Winter joined Napster back in 1999. Its unique level of connectivity and ability to foster conversation around art, music, film, and books produced a ”seismic shift” in his life, and it inspired documentary film Downloaded that Winter brought to SXSW for its world premiere. “My embracing of Napster was about global community,” said Winter. “Suddenly there was this fluid, robust, global community that worked, and I was making friends in Japan and Finland and Russia.”

In general, the panelists seemed to agree that if industries could find a way to enable this type of community, while maintaining the convenience of Napster, then communities would embrace legitimate file-sharing – even pay for it – because most people value community and convenience over “free.” But as Parker pointed out, any such network would have to “exceed the convenience of piracy-based networks in order to create a model that people are willing to pay for.”

While this position might seem a bit one-sided (coming from a co-founder of Napster), it’s not entirely unique. And upon ending the panel, Parker encouraged attendees to see Downloaded at SXSW, lest they have to wait months for it to come out in theatres… and then maybe on TV a couple months later… or potentially, a year or so from now, on iTunes. (Fair point.)

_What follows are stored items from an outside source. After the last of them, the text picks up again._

(* Let $U\subset\mathbb{C}$ be a domain conformally isomorphic to $\mathbb{D}$, let $U'=U_1\cup\dots\cup U_N$ be relatively compact in $U$ with the $U_i$ pairwise disjoint domains each conformally isomorphic to $\mathbb{D}$, and let $f:U'\to U$ be a proper holomorphic map of degree $d>1$ such that $K_f=J_f$ is a Cantor set containing all critical points of $f$. Let $w\in U\setminus U'$, let $w_0,\dots,w_{d-1}$ be the $d$ distinct preimages of $w$ under $f$, and let $\phi:\mathbb{D}\to U\setminus J_f$ be a universal covering map with $\phi(0)=w$. Then there exist $d$ univalent holomorphic maps $g_0,\dots,g_{d-1}:\mathbb{D}\to\mathbb{D}$ with $f\circ\phi\circ g_i=\phi$ and $\phi(g_i(0))=w_i$ for each $i$. These satisfy $\phi(g_j(z))\neq\phi(g_{j'}(z))$ for all $z\in\mathbb{D}$ and $j\neq j'$, i.e. for every $z\in\mathbb{D}$ the points $\phi(g_j(z))$, $j=0,\dots,d-1$, are the $d$ distinct preimages of $\phi(z)$ under $f$. In particular $$f^{-1}(U\setminus J_f)=U'\setminus J_f=\bigcup_{i=0}^{d-1}\phi(g_i(\mathbb{D})).$$
   Context: $K_f=\{z\in U' : f^n(z)\in U' \ \forall n\in\mathbb{N}\}$ is the filled-in Julia set and $J_f=\partial K_f$ the Julia set. The degree of $f$ is the sum of the degrees of the restrictions $f:U_i\to U$. *)

theory Defs
  imports "HOL-Complex_Analysis.Complex_Analysis"
begin

definition conformal_disc :: "complex set \<Rightarrow> bool" where
  "conformal_disc U \<longleftrightarrow> open U \<and> connected U \<and>
     (\<exists>h. h holomorphic_on U \<and> bij_betw h U (ball 0 1))"

definition holo_degree :: "(complex \<Rightarrow> complex) \<Rightarrow> complex set \<Rightarrow> complex set \<Rightarrow> nat \<Rightarrow> bool" where
  "holo_degree g V U d \<longleftrightarrow>
     (\<forall>y\<in>U. (\<Sum>z\<in>{z\<in>V. g z = y}. nat (zorder (\<lambda>x. g x - y) z)) = d)"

The panelists all seemed hopeful of a way to balance convenience and community with fair compensation. Barlow said that “those models are developing,” but they rely on us “valuing the original relationship you have with a creator, and their contribution and making sure those creators are being supported, not through some very elaborate system that generally ends up taking all the money and giving it to people who never created a goddamn thing, but actually gets it directly to the folks [who] deserve it.” There are examples of industries moving in that direction.


Downloaded screens again Saturday, March 16, 4:40pm, Vimeo.